* Action item:
Once the line containing "1 \<ge> 2 * d" is found in the records below, return it and each following line exactly, up to and including the line containing "using assms(6,8,9) by", and nothing else.

* Input material:
━━━━━━

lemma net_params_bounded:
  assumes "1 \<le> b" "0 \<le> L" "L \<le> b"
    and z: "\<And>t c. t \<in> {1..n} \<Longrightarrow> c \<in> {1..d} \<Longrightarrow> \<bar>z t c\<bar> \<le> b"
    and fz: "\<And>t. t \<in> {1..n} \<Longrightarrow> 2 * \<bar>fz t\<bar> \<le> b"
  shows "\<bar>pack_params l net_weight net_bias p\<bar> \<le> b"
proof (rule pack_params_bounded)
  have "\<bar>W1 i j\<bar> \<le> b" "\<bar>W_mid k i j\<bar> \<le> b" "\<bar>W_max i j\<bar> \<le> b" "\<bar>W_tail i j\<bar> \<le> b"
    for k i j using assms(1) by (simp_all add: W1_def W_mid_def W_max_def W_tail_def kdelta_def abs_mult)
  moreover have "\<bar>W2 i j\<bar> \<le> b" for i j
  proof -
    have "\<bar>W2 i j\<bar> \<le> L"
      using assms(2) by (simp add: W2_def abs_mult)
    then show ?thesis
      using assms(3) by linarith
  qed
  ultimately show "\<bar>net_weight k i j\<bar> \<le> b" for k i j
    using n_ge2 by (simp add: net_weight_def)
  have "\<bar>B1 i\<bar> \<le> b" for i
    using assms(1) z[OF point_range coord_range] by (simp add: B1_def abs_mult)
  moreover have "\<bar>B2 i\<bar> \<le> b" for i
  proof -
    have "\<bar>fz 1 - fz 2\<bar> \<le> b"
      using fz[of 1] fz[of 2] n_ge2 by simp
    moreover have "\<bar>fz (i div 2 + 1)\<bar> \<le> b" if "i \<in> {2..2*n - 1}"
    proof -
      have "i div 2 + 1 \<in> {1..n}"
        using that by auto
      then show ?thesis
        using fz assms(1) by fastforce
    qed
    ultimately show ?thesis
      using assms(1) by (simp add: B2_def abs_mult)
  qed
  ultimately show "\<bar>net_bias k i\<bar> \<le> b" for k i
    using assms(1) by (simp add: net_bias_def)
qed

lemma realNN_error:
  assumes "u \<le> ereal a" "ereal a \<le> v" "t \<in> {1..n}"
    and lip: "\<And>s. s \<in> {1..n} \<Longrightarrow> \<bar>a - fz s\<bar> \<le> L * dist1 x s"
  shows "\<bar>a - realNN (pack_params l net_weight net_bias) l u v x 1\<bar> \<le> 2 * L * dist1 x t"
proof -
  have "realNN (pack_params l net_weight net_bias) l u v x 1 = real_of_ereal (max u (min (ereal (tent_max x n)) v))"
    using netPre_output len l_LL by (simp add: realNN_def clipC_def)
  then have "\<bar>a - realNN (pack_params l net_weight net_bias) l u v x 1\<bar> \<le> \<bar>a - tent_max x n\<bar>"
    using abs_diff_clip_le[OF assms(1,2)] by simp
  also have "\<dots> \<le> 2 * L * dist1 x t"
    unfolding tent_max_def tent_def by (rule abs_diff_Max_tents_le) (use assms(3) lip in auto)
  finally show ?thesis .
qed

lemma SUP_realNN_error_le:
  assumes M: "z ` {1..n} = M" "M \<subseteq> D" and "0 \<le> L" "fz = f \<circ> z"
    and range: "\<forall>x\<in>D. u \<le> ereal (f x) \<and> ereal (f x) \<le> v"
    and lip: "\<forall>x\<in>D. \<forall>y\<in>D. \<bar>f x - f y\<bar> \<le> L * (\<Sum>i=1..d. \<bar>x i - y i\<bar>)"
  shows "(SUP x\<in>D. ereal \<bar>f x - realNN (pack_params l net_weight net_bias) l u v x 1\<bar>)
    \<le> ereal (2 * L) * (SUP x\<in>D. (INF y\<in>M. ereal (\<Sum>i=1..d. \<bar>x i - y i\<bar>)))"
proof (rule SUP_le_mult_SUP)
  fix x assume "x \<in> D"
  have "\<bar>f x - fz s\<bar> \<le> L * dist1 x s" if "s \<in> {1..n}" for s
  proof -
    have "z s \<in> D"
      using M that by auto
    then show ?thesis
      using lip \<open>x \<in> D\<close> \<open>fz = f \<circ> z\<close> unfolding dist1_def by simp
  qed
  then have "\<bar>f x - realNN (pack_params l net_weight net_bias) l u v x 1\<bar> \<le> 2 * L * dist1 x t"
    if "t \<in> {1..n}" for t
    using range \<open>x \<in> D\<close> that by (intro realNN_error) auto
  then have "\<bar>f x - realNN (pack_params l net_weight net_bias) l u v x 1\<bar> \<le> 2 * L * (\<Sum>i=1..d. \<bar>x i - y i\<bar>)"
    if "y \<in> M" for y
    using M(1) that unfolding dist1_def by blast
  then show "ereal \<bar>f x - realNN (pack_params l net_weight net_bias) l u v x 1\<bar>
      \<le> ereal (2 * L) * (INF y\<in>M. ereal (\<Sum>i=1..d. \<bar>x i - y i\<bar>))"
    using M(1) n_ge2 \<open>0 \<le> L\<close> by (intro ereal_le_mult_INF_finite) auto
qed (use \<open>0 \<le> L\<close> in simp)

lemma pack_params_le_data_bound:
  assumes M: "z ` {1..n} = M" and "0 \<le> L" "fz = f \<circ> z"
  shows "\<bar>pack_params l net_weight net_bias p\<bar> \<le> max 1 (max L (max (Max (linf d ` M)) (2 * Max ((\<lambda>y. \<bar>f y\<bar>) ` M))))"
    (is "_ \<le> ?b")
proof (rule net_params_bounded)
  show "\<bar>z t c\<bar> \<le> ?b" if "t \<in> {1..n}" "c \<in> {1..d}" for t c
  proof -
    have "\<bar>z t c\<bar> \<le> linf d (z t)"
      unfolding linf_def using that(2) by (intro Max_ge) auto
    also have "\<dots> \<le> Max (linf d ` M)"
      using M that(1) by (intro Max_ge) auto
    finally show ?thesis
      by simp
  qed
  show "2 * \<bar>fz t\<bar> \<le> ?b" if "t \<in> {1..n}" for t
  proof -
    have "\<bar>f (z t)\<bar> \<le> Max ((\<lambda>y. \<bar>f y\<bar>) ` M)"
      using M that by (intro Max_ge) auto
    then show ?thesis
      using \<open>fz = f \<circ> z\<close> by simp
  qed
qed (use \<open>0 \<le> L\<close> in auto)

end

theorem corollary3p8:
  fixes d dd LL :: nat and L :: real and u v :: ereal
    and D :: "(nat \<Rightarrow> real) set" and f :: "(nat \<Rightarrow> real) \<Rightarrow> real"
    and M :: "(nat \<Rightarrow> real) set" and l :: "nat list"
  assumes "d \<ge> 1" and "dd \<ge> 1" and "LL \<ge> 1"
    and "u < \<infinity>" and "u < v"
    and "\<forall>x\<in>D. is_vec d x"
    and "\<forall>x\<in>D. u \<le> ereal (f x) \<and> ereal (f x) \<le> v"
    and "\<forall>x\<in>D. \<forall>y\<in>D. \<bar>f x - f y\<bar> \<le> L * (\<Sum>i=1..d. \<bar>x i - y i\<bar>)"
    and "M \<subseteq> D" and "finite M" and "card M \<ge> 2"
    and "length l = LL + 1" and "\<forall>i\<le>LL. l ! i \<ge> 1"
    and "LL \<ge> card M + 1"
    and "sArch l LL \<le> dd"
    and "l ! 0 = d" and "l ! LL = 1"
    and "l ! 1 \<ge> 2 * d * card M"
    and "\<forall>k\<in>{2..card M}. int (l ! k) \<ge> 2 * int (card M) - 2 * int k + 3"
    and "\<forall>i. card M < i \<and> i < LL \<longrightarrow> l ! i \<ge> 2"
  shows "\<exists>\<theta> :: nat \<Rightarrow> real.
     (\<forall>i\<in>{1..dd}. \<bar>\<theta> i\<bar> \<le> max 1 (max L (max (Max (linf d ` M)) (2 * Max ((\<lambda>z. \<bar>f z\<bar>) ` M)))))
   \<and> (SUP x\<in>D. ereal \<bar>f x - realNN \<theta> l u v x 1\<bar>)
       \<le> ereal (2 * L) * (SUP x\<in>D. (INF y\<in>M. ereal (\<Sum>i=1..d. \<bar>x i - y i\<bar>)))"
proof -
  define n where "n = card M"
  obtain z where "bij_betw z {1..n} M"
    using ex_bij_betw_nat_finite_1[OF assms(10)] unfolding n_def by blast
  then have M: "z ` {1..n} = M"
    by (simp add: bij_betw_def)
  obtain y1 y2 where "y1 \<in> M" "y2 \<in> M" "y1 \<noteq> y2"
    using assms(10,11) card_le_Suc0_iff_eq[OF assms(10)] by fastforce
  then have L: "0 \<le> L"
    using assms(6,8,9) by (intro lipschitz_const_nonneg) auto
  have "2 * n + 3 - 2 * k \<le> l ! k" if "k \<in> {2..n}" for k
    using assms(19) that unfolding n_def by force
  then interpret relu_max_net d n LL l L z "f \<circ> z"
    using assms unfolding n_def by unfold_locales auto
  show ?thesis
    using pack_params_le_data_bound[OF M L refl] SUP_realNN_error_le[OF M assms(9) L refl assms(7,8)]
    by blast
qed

━━━━━━

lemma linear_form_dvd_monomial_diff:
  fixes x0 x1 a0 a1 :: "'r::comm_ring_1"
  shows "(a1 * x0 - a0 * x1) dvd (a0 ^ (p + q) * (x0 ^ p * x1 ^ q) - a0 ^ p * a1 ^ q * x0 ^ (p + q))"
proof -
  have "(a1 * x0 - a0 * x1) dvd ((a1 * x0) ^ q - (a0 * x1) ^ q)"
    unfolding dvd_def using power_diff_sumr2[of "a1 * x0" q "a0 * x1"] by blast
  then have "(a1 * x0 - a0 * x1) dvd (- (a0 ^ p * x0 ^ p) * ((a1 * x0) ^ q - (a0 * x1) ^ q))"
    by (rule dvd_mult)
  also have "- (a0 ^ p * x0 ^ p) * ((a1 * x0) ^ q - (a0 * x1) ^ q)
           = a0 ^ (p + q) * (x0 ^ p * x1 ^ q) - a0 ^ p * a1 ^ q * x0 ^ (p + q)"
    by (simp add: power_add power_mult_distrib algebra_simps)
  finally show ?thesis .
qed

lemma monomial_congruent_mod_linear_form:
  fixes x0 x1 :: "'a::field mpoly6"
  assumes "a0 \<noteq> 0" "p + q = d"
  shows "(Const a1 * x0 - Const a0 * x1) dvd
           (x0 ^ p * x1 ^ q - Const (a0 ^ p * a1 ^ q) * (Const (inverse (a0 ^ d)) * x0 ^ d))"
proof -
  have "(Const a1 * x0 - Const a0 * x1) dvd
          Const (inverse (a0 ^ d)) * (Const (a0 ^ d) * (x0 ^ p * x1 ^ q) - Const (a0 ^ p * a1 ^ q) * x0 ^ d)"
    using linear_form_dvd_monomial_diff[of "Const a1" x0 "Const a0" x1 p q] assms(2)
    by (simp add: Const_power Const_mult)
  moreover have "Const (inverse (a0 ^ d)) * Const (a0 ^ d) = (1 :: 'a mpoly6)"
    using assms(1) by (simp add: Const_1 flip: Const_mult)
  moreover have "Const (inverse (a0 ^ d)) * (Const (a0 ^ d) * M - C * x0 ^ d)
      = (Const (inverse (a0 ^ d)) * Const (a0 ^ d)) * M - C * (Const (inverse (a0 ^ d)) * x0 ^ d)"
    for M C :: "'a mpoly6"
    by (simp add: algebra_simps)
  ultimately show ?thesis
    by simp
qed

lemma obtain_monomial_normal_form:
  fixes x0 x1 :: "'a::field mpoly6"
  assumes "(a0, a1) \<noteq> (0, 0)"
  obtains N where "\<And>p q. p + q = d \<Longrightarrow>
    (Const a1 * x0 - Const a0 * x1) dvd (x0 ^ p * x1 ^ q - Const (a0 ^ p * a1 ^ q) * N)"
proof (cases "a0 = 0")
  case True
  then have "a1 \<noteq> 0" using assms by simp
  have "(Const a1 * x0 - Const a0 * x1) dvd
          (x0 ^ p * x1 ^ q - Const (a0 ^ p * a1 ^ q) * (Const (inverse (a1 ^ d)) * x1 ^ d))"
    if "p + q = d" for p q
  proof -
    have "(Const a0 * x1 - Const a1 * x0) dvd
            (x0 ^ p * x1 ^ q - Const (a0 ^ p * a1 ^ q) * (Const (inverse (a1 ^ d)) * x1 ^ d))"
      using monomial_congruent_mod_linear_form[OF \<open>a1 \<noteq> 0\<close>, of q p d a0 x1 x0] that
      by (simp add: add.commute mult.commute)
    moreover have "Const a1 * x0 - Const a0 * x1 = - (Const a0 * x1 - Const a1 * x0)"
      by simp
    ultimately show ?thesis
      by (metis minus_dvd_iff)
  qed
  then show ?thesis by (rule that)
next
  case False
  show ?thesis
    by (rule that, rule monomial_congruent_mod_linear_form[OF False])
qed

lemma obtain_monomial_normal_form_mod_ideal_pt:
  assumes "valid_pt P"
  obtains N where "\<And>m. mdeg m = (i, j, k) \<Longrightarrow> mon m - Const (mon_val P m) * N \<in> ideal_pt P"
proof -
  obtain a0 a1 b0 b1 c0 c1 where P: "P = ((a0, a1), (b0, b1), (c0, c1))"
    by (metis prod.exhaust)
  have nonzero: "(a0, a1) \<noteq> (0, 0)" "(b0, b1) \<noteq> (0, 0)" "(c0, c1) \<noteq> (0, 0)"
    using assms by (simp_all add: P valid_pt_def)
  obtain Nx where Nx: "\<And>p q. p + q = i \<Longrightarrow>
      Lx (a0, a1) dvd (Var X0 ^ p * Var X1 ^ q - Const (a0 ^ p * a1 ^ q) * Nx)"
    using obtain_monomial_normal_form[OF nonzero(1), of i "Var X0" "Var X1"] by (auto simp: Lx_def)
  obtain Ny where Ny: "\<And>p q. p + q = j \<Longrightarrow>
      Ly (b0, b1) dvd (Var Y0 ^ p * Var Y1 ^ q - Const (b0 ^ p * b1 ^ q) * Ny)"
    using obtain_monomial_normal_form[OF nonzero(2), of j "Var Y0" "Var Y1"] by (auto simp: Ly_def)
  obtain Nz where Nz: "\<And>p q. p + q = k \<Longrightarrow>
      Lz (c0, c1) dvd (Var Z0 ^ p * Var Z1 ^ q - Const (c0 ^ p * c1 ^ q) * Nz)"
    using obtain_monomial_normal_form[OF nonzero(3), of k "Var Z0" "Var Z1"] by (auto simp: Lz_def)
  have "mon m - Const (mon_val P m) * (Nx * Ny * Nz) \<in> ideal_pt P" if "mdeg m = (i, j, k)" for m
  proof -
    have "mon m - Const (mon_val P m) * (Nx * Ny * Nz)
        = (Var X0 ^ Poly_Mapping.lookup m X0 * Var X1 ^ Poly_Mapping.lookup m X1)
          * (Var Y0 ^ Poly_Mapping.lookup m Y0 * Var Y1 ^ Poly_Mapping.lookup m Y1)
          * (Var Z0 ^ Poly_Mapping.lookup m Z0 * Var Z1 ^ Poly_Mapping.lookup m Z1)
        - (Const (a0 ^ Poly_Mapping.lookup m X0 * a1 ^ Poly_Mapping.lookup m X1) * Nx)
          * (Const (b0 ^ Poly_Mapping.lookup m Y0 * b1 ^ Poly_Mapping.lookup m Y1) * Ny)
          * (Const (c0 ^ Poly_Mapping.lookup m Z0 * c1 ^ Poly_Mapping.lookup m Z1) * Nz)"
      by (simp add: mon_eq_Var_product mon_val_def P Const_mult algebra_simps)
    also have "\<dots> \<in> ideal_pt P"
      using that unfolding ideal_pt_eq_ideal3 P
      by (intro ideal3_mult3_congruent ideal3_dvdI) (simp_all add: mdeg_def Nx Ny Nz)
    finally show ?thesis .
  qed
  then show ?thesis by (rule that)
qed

━━━━━━

* Your solution:
    and "l ! 1 \<ge> 2 * d * card M"
    and "\<forall>k\<in>{2..card M}. int (l ! k) \<ge> 2 * int (card M) - 2 * int k + 3"
    and "\<forall>i. card M < i \<and> i < LL \<longrightarrow> l ! i \<ge> 2"
  shows "\<exists>\<theta> :: nat \<Rightarrow> real.
     (\<forall>i\<in>{1..dd}. \<bar>\<theta> i\<bar> \<le> max 1 (max L (max (Max (linf d ` M)) (2 * Max ((\<lambda>z. \<bar>f z\<bar>) ` M)))))
   \<and> (SUP x\<in>D. ereal \<bar>f x - realNN \<theta> l u v x 1\<bar>)
       \<le> ereal (2 * L) * (SUP x\<in>D. (INF y\<in>M. ereal (\<Sum>i=1..d. \<bar>x i - y i\<bar>)))"
proof -
  define n where "n = card M"
  obtain z where "bij_betw z {1..n} M"
    using ex_bij_betw_nat_finite_1[OF assms(10)] unfolding n_def by blast
  then have M: "z ` {1..n} = M"
    by (simp add: bij_betw_def)
  obtain y1 y2 where "y1 \<in> M" "y2 \<in> M" "y1 \<noteq> y2"
    using assms(10,11) card_le_Suc0_iff_eq[OF assms(10)] by fastforce
  then have L: "0 \<le> L"
    using assms(6,8,9) by (intro lipschitz_const_nonneg) auto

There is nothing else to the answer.